Comet 2006 P1 McNaught

I've just got back into the office after having a wander out to the western edge of our village, hoping to catch a glimpse of comet 2006 P1 McNaught.

While having dinner I'd mentioned that I was going to go for a walk and have a look and my son asked to come along too. Given that he's not quite 5 and given that I'd be using a binocular my wife decided to come along too — the best place to observe is next to a reasonably busy road (especially busy around 17:00 or so due to people heading home from work) and that wouldn't be a good mix.

I'd told them both that I didn't quite know what to expect. From what I'd read so far I was expecting a small fuzzy comet, probably visible to the naked eye with some effort, but probably requiring that I find it in the 10x50s first. We got coats and hats and stuff on and started walking down the road. About ½ way to the edge of the village I saw something out of the corner of my eye, through some trees. I looked, did a double take, and then a triple take, and then almost said the sort of phrase a father shouldn't say in front of his child.

It was a comet! Not a little fuzzy thing, not the sort of thing I've struggled to find in binocular and telescope over the last year or so, this was a proper naked eye comet. Bright head, easy to see tail, skirting the horizon in a really nice looking sunset.

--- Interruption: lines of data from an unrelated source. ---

text \<open>Operation symbols of tau are the elements of
  type 'b, with arity ar; f s xs interprets symbol s on an argument list xs of length ar s.
  q n x ys is q_n(x, y_1, ..., y_n) with ys = [y_1,...,y_n] (length n);
  e i is the nullary constant e_i (only i >= 1 is meaningful).\<close>

definition clone_algebra ::
  "'a set \<Rightarrow> ('b \<Rightarrow> nat) \<Rightarrow> ('b \<Rightarrow> 'a list \<Rightarrow> 'a) \<Rightarrow> (nat \<Rightarrow> 'a \<Rightarrow> 'a list \<Rightarrow> 'a) \<Rightarrow> (nat \<Rightarrow> 'a) \<Rightarrow> bool"
where
  "clone_algebra C ar f q e \<longleftrightarrow>
     (\<forall>i\<ge>1. e i \<in> C) \<and>
     (\<forall>s xs. set xs \<subseteq> C \<longrightarrow> length xs = ar s \<longrightarrow> f s xs \<in> C) \<and>
     (\<forall>n x ys. x \<in> C \<longrightarrow> set ys \<subseteq> C \<longrightarrow> length ys = n \<longrightarrow> q n x ys \<in> C) \<and>
     \<comment> \<open>(C1)\<close>
     (\<forall>n i xs. 1 \<le> i \<longrightarrow> i \<le> n \<longrightarrow> set xs \<subseteq> C \<longrightarrow> length xs = n \<longrightarrow>
        q n (e i) xs = xs ! (i - 1)) \<and>
     \<comment> \<open>(C2)\<close>
     (\<forall>n j xs. j > n \<longrightarrow> set xs \<subseteq> C \<longrightarrow> length xs = n \<longrightarrow> q n (e j) xs = e j) \<and>
     \<comment> \<open>(C3)\<close>
     (\<forall>n x. x \<in> C \<longrightarrow> q n x (map e [1..<Suc n]) = x) \<and>
     \<comment> \<open>(C4)\<close>
     (\<forall>n k x ys. n > k \<longrightarrow> x \<in> C \<longrightarrow> set ys \<subseteq> C \<longrightarrow> length ys = k \<longrightarrow>
        q k x ys = q n x (ys @ map e [Suc k..<Suc n])) \<and>
     \<comment> \<open>(C5)\<close>
     (\<forall>n x ys zs. x \<in> C \<longrightarrow> set ys \<subseteq> C \<longrightarrow> set zs \<subseteq> C \<longrightarrow> length ys = n \<longrightarrow> length zs = n \<longrightarrow>
        q n (q n x ys) zs = q n x (map (\<lambda>y. q n y zs) ys)) \<and>
     \<comment> \<open>(C6)\<close>
     (\<forall>n s xs ys. set xs \<subseteq> C \<longrightarrow> set ys \<subseteq> C \<longrightarrow> length xs = ar s \<longrightarrow> length ys = n \<longrightarrow>
        q n (f s xs) ys = f s (map (\<lambda>x. q n x ys) xs))"

definition independent :: "(nat \<Rightarrow> 'a \<Rightarrow> 'a list \<Rightarrow> 'a) \<Rightarrow> (nat \<Rightarrow> 'a) \<Rightarrow> 'a \<Rightarrow> nat \<Rightarrow> bool" where
  "independent q e a n \<longleftrightarrow> q n a (map e [1..<n] @ [e (Suc n)]) = a"

definition dep_set :: "(nat \<Rightarrow> 'a \<Rightarrow> 'a list \<Rightarrow> 'a) \<Rightarrow> (nat \<Rightarrow> 'a) \<Rightarrow> 'a \<Rightarrow> nat set" where
  "dep_set q e a = {i. 1 \<le> i \<and> \<not> independent q e a i}"

definition gamma :: "(nat \<Rightarrow> 'a \<Rightarrow> 'a list \<Rightarrow> 'a) \<Rightarrow> (nat \<Rightarrow> 'a) \<Rightarrow> 'a \<Rightarrow> enat" where
  "gamma q e a = (if infinite (dep_set q e a) then \<infinity>
                  else if dep_set q e a = {} then 0 else enat (Max (dep_set q e a)))"

definition Fi_k :: "'a set \<Rightarrow> (nat \<Rightarrow> 'a \<Rightarrow> 'a list \<Rightarrow> 'a) \<Rightarrow> (nat \<Rightarrow> 'a) \<Rightarrow> nat \<Rightarrow> 'a set" where
  "Fi_k C q e k = {a \<in> C. gamma q e a \<le> enat k}"

definition Fi :: "'a set \<Rightarrow> (nat \<Rightarrow> 'a \<Rightarrow> 'a list \<Rightarrow> 'a) \<Rightarrow> (nat \<Rightarrow> 'a) \<Rightarrow> 'a set" where
  "Fi C q e = (\<Union>k. Fi_k C q e k)"

definition tau_subuniverse :: "'a set \<Rightarrow> ('b \<Rightarrow> nat) \<Rightarrow> ('b \<Rightarrow> 'a list \<Rightarrow> 'a) \<Rightarrow> 'a set \<Rightarrow> bool" where
  "tau_subuniverse C ar f S \<longleftrightarrow> S \<subseteq> C \<and>
     (\<forall>s xs. set xs \<subseteq> S \<longrightarrow> length xs = ar s \<longrightarrow> f s xs \<in> S)"

definition q_closed :: "(nat \<Rightarrow> 'a \<Rightarrow> 'a list \<Rightarrow> 'a) \<Rightarrow> 'a set \<Rightarrow> bool" where
  "q_closed q S \<longleftrightarrow> (\<forall>n x ys. x \<in> S \<longrightarrow> set ys \<subseteq> S \<longrightarrow> length ys = n \<longrightarrow> q n x ys \<in> S)"

definition subalgebra ::
  "'a set \<Rightarrow> ('b \<Rightarrow> nat) \<Rightarrow> ('b \<Rightarrow> 'a list \<Rightarrow> 'a) \<Rightarrow> (nat \<Rightarrow> 'a \<Rightarrow> 'a list \<Rightarrow> 'a) \<Rightarrow> (nat \<Rightarrow> 'a) \<Rightarrow> 'a set \<Rightarrow> bool"
where
  "subalgebra C ar f q e S \<longleftrightarrow> tau_subuniverse C ar f S \<and> q_closed q S \<and> (\<forall>i\<ge>1. e i \<in> S)"

end

theory Submission
  imports Defs
begin

text \<open>If a is independent of every e_i with i > k, then substituting into a through q_n
  (n \<ge> k) only sees the first k arguments: by (C5), substituting into the identity that
  expresses independence of e_(n+1) shows that the last argument is irrelevant, and (C4) then
  drops it. Consequently, if \<gamma>(a) \<le> n, the term q_n(a, b_1, ..., b_n) is independent of
  every e_i of which all the b_j are independent; padding with e's via (C4) reduces closure of
  Fi_k under arbitrary q_n to this case, (C6) gives closure under the basic operations, and
  Fi, being an increasing union of the Fi_k, inherits all closure properties.\<close>

lemma finite_subset_UN_mono:
  fixes S :: "nat \<Rightarrow> 'a set"
  assumes "mono S" "finite A" "A \<subseteq> (\<Union>k. S k)"
  obtains k where "A \<subseteq> S k"
proof -
  have "S i \<subseteq> S j \<or> S j \<subseteq> S i" for i j
    using nat_le_linear[of i j] monoD[OF assms(1)] by blast
  then have "subset.chain UNIV (range S)"
    by (auto simp: subset.chain_def)
  then show thesis
    using finite_subset_Union_chain[OF assms(2,3)] that by blast
qed

lemma tau_subuniverse_UN_mono:
  fixes S :: "nat \<Rightarrow> 'a set"
  assumes "mono S" "\<And>k. tau_subuniverse C ar f (S k)"
  shows "tau_subuniverse C ar f (\<Union>k. S k)"
  unfolding tau_subuniverse_def
proof (intro conjI allI impI)
  show "(\<Union>k. S k) \<subseteq> C"
    using assms(2) by (auto simp: tau_subuniverse_def)
  fix s xs
  assume "set xs \<subseteq> (\<Union>k. S k)" "length xs = ar s"
  moreover obtain k where "set xs \<subseteq> S k"
    using finite_subset_UN_mono[OF assms(1) _ \<open>set xs \<subseteq> (\<Union>k. S k)\<close>] by blast
  ultimately have "f s xs \<in> S k"
    using assms(2)[of k] by (simp add: tau_subuniverse_def)
  then show "f s xs \<in> (\<Union>k. S k)" by blast
qed

lemma q_closed_UN_mono:
  fixes S :: "nat \<Rightarrow> 'a set"
  assumes "mono S" "\<And>k. q_closed q (S k)"
  shows "q_closed q (\<Union>k. S k)"
  unfolding q_closed_def
proof (intro allI impI)
  fix n x ys
  assume "x \<in> (\<Union>k. S k)" "set ys \<subseteq> (\<Union>k. S k)" "length ys = n"
  moreover obtain k where "set (x # ys) \<subseteq> S k"
    using finite_subset_UN_mono[OF assms(1), of "set (x # ys)"] calculation by auto
  ultimately have "q n x ys \<in> S k"
    using assms(2)[of k] by (simp add: q_closed_def)
  then show "q n x ys \<in> (\<Union>k. S k)" by blast
qed

lemma gamma_le_enat_iff: "gamma q e a \<le> enat k \<longleftrightarrow> (\<forall>i>k. independent q e a i)"
proof -
  have "gamma q e a \<le> enat k \<longleftrightarrow> dep_set q e a \<subseteq> {..k}"
    using finite_subset[of "dep_set q e a" "{..k}"] by (auto simp: gamma_def Max_le_iff)
  also have "\<dots> \<longleftrightarrow> (\<forall>i>k. independent q e a i)"
    unfolding dep_set_def
    by (auto simp: subset_eq) (metis Suc_leI le0 le_less_trans not_le, meson not_le)
  finally show ?thesis .
qed

lemma mem_Fi_k_iff: "a \<in> Fi_k C q e k \<longleftrightarrow> a \<in> C \<and> (\<forall>i>k. independent q e a i)"
  by (simp add: Fi_k_def gamma_le_enat_iff)

lemma mono_Fi_k: "mono (Fi_k C q e)"
  by (auto intro: monoI simp: mem_Fi_k_iff)

lemma Fi_k_subset: "Fi_k C q e k \<subseteq> C"
  by (simp add: Fi_k_def)

lemma Fi_subset: "Fi C q e \<subseteq> C"
  by (auto simp: Fi_def Fi_k_def)

locale clone_tau_algebra =
  fixes C :: "'a set" and ar :: "'b \<Rightarrow> nat" and f :: "'b \<Rightarrow> 'a list \<Rightarrow> 'a"
    and q :: "nat \<Rightarrow> 'a \<Rightarrow> 'a list \<Rightarrow> 'a" and e :: "nat \<Rightarrow> 'a"
  assumes clone: "clone_algebra C ar f q e"
begin

lemma e_in_C: "1 \<le> i \<Longrightarrow> e i \<in> C"
  and f_in_C: "set xs \<subseteq> C \<Longrightarrow> length xs = ar s \<Longrightarrow> f s xs \<in> C"
  and q_in_C: "x \<in> C \<Longrightarrow> set ys \<subseteq> C \<Longrightarrow> length ys = n \<Longrightarrow> q n x ys \<in> C"
  using clone by (simp_all add: clone_algebra_def)
lemma hermitian_extend_orthonormal_eigenvectors:
  fixes F :: "'n::finite cmat"
  assumes "hermitian F"
  shows "finite E \<Longrightarrow> orthonormal E \<Longrightarrow> \<forall>e\<in>E. \<exists>\<mu>. F *v e = complex_of_real \<mu> *s e \<Longrightarrow>
    \<exists>E'. finite E' \<and> orthonormal E' \<and> (\<forall>e\<in>E'. \<exists>\<mu>. F *v e = complex_of_real \<mu> *s e)
      \<and> cinner_perp E' = {0}"
proof (induction "dim (cinner_perp E)" arbitrary: E rule: less_induct)
  case less
  show ?case
  proof (cases "cinner_perp E = {0}")
    case False
    obtain v \<mu> where v: "v \<in> cinner_perp E" "norm v = 1" "F *v v = complex_of_real \<mu> *s v"
      using hermitian_eigenvector_in_invariant_subspace[OF assms subspace_cinner_perp _ False]
        hermitian_cinner_perp_invariant[OF assms less.prems(3)] by blast
    have "cinner v v = 1"
      using v(2) by (simp add: cinner_self_eq_1_iff)
    moreover have "cinner e v = 0" "cinner v e = 0" if "e \<in> E" for e
      using v(1) that cinner_commute[of e v] by (auto simp: cinner_perp_def)
    ultimately have orth: "orthonormal (insert v E)"
      using less.prems(2) by (auto simp: orthonormal_def)
    have "v \<notin> cinner_perp (insert v E)"
      using \<open>cinner v v = 1\<close> by (simp add: cinner_perp_def)
    then have "cinner_perp (insert v E) \<subset> cinner_perp E"
      using v(1) unfolding cinner_perp_def by blast
    then have dim_less: "dim (cinner_perp (insert v E)) < dim (cinner_perp E)"
      by (intro dim_psubset) (metis span_eq_iff subspace_cinner_perp)
    have eig: "\<forall>e\<in>insert v E. \<exists>\<mu>. F *v e = complex_of_real \<mu> *s e"
      using less.prems(3) v(3) by blast
    show ?thesis
      using less.prems(1) by (intro less.hyps[OF dim_less _ orth eig]) simp
  qed (use less.prems in blast)
qed

theorem hermitian_spectral:
  fixes F :: "'n::finite cmat"
  assumes "hermitian F"
  obtains E \<mu> where "orthonormal_basis E" "\<forall>e\<in>E. F *v e = complex_of_real (\<mu> e) *s e"
proof -
  have "orthonormal ({} :: (complex ^ 'n) set)"
    by (simp add: orthonormal_def)
  then obtain E where E: "finite E" "orthonormal E" "cinner_perp E = {0}"
    and eig: "\<forall>e\<in>E. \<exists>\<mu>. F *v e = complex_of_real \<mu> *s e"
    using hermitian_extend_orthonormal_eigenvectors[OF assms finite.emptyI] by auto
  obtain \<mu> where "\<forall>e\<in>E. F *v e = complex_of_real (\<mu> e) *s e"
    using bchoice[OF eig] by blast
  then show thesis
    using that orthonormal_basisI[OF E] by blast
qed

lemma psd_eigenvalue_nonneg:
  assumes "psd F" "F *v e = complex_of_real \<mu> *s e" "e \<noteq> 0"
  shows "0 \<le> \<mu>"
proof -
  have "0 \<le> Re (cinner e (F *v e))"
    using assms(1) by (rule psd_Re_cinner_nonneg)
  also have "\<dots> = \<mu> * (norm e)\<^sup>2"
    using assms(2) by (simp add: cinner_scale_right cinner_self)
  finally show ?thesis
    using assms(3) by (simp add: zero_le_mult_iff)
qed

lemma orthonormal_basis_unit:
  "orthonormal_basis E \<Longrightarrow> e \<in> E \<Longrightarrow> cinner e e = 1"
  by (simp add: orthonormal_basis_def orthonormal_def)

lemma orthonormal_basis_nonzero: "orthonormal_basis E \<Longrightarrow> e \<in> E \<Longrightarrow> e \<noteq> 0"
  using orthonormal_basis_unit by fastforce

lemma orthonormal_basis_matrix_eq:
  assumes "orthonormal_basis E" "\<forall>e\<in>E. A *v e = B *v e"
  shows "A = B"
proof -
  have "A *v x = B *v x" for x
  proof -
    have "A *v (\<Sum>e\<in>E. cinner e x *s e) = B *v (\<Sum>e\<in>E. cinner e x *s e)"
      using assms(2) by (simp add: vec.sum vec.scale)
    then show ?thesis
      using assms(1) by (simp add: orthonormal_basis_def)
  qed
  then show ?thesis
    by (simp add: matrix_eq)
qed

lemma orthonormal_basis_trace:
  assumes "orthonormal_basis E"
  shows "mtrace A = (\<Sum>e\<in>E. cinner e (A *v e))"
proof -
  have "A $ i $ i = (\<Sum>e\<in>E. cnj (e $ i) * (A *v e) $ i)" for i
  proof -
    have "axis i 1 = (\<Sum>e\<in>E. cinner e (axis i 1) *s e)"
      using assms by (simp add: orthonormal_basis_def)
    also have "\<dots> = (\<Sum>e\<in>E. cnj (e $ i) *s e)"
      by (simp add: cinner_def axis_def if_distrib cong: if_cong)
    finally have "axis i 1 = (\<Sum>e\<in>E. cnj (e $ i) *s e)" .
    then have "A *v axis i 1 = (\<Sum>e\<in>E. cnj (e $ i) *s (A *v e))"
      by (simp add: vec.sum vec.scale)
    moreover have "A $ i $ i = (A *v axis i 1) $ i"
      by (simp add: matrix_vector_mult_def axis_def if_distrib cong: if_cong)
    ultimately show ?thesis
      by (simp only: sum_component vector_scalar_mult_def vec_lambda_beta)
  qed
  then have "mtrace A = (\<Sum>i\<in>UNIV. \<Sum>e\<in>E. cnj (e $ i) * (A *v e) $ i)"
    by (simp add: mtrace_def)
  also have "\<dots> = (\<Sum>e\<in>E. cinner e (A *v e))"
    by (subst sum.swap) (simp add: cinner_def)
  finally show ?thesis .
qed

section \<open>Positive square root\<close>

definition outer_sum :: "(complex ^ 'n::finite) set \<Rightarrow> (complex ^ 'n \<Rightarrow> complex) \<Rightarrow> 'n cmat" where
  "outer_sum E c = (\<chi> j k. \<Sum>e\<in>E. c e * e $ j * cnj (e $ k))"

lemma outer_sum_mult_vec: "outer_sum E c *v x = (\<Sum>e\<in>E. (c e * cinner e x) *s e)"
proof -
  have "(outer_sum E c *v x) $ j = (\<Sum>e\<in>E. (c e * cinner e x) *s e) $ j" for j
    by (simp add: outer_sum_def matrix_vector_mult_def cinner_def sum_distrib_left
        sum_distrib_right mult_ac) (rule sum.swap)
  then show ?thesis
    by (simp add: vec_eq_iff)
qed

lemma outer_sum_eigenvector:
  assumes "finite E" "orthonormal E" "f \<in> E"
  shows "outer_sum E c *v f = c f *s f"
proof -
  have "(\<Sum>e\<in>E. (c e * cinner e f) *s e) = (\<Sum>e\<in>E. if e = f then c f *s f else 0)"
    using assms(2,3) by (intro sum.cong) (auto simp: orthonormal_def)
  then show ?thesis
    using assms(1,3) by (simp add: outer_sum_mult_vec)
qed

lemma psd_outer_sum:
  assumes "\<forall>e\<in>E. 0 \<le> r e"
  shows "psd (outer_sum E (\<lambda>e. complex_of_real (r e)))"
proof -
  have "quad_form (outer_sum E (\<lambda>e. complex_of_real (r e))) x
      = complex_of_real (\<Sum>e\<in>E. r e * (cmod (cinner e x))\<^sup>2)" for x
  proof -
    have "quad_form (outer_sum E (\<lambda>e. complex_of_real (r e))) x
        = (\<Sum>e\<in>E. complex_of_real (r e) * (cinner e x * cnj (cinner e x)))"
      by (simp add: quad_form_eq_cinner outer_sum_mult_vec cinner_sum_right cinner_scale_right
          cinner_commute[of x] mult_ac)
    then show ?thesis
      by (simp add: complex_norm_square[symmetric])
  qed
  then show ?thesis
    using assms by (simp add: psd_def sum_nonneg)
qed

I was shocked and amazed. As was my wife and son. To be honest, it's hard to say who was most excited, although I think my son wins ("I've seen my first comet! I've seen my first comet!").

I won't bother even trying to relate any technical details, I wasn't really paying attention to it in that way. About all I managed was a quick estimate of the length of the tail (about 2 widths of my thumb, held at arms length) and that was about it. The best I could really manage was to just stand there, awestruck, repeating things like "oh wow", "that's huge!", "look at it! just look at it!" and other pointless variations on that theme.

Within around 10 minutes the head had set behind some trees and I watched the tail slowly set for a couple of minutes more.

I'm still really excited, I'm still feeling kind of shocked and moved by it. I'm still feeling very inadequate when it comes to trying to relate what I saw and how it felt to see it.

Don't you just love it when the Universe surprises you like that?


Ben C. said...

Thanks for relating the excitement you and your family experienced seeing Comet McNaught. I have yet to try for this comet and it would be the 4th naked eye comet after Halley's, Hyakutake and Hale-Boop. This would break the alliterative H streak though ...

mark_smith said...

I know what you mean about been excited two hours later and my heart is still thumping. Might have a beer to celebrate. Hope to see it again tommrow.


Dave Pearson said...

Oddly I don't ever recall seeing Halley naked eye. I saw it in 'scopes and bins and even photographed it but I don't think I ever saw it without any sort of aid.

Hyakutake was fantastic and, personally, I rate it higher than Hale-Bopp.

Good call on the H thing, I'd never thought about that before.

I don't know what your forecast is Mark but it's not looking too good down this end of the county for tomorrow night. Not sure about tomorrow morning either but if it is bright and I'm up in time I think it might be a trip to the eastern end of the village for a good view over Billingborough Fen

mark_smith said...

The weather in the morning is rain (but we will see) I am leaving the house at 7.30 so may have a look on the way. The afternoon should be patchy clouds. The same for Friday aswell.

Ben C. said...


I should've mentioned that my naked eye view of Halley's Comet back in 1986 was during a business trip to Israel and South Africa. The view from the plane, even through those plastic windows, was not to be believed.

When I saw Halley's from the shores of New York I was less than wowed and I actually needed to point out the direction of the tail to the people around me while viewing the comet in binoculars.

Ian Musgrave said...

Waht a wondeful story, that is absoLutely great! Congratulations.

I saw Haley quite well with the unaided eye in Asutralia, my then girlfriend was not impressed. "It's a fuzzy dot, you got me up at 4 am for a fuzzy dot!"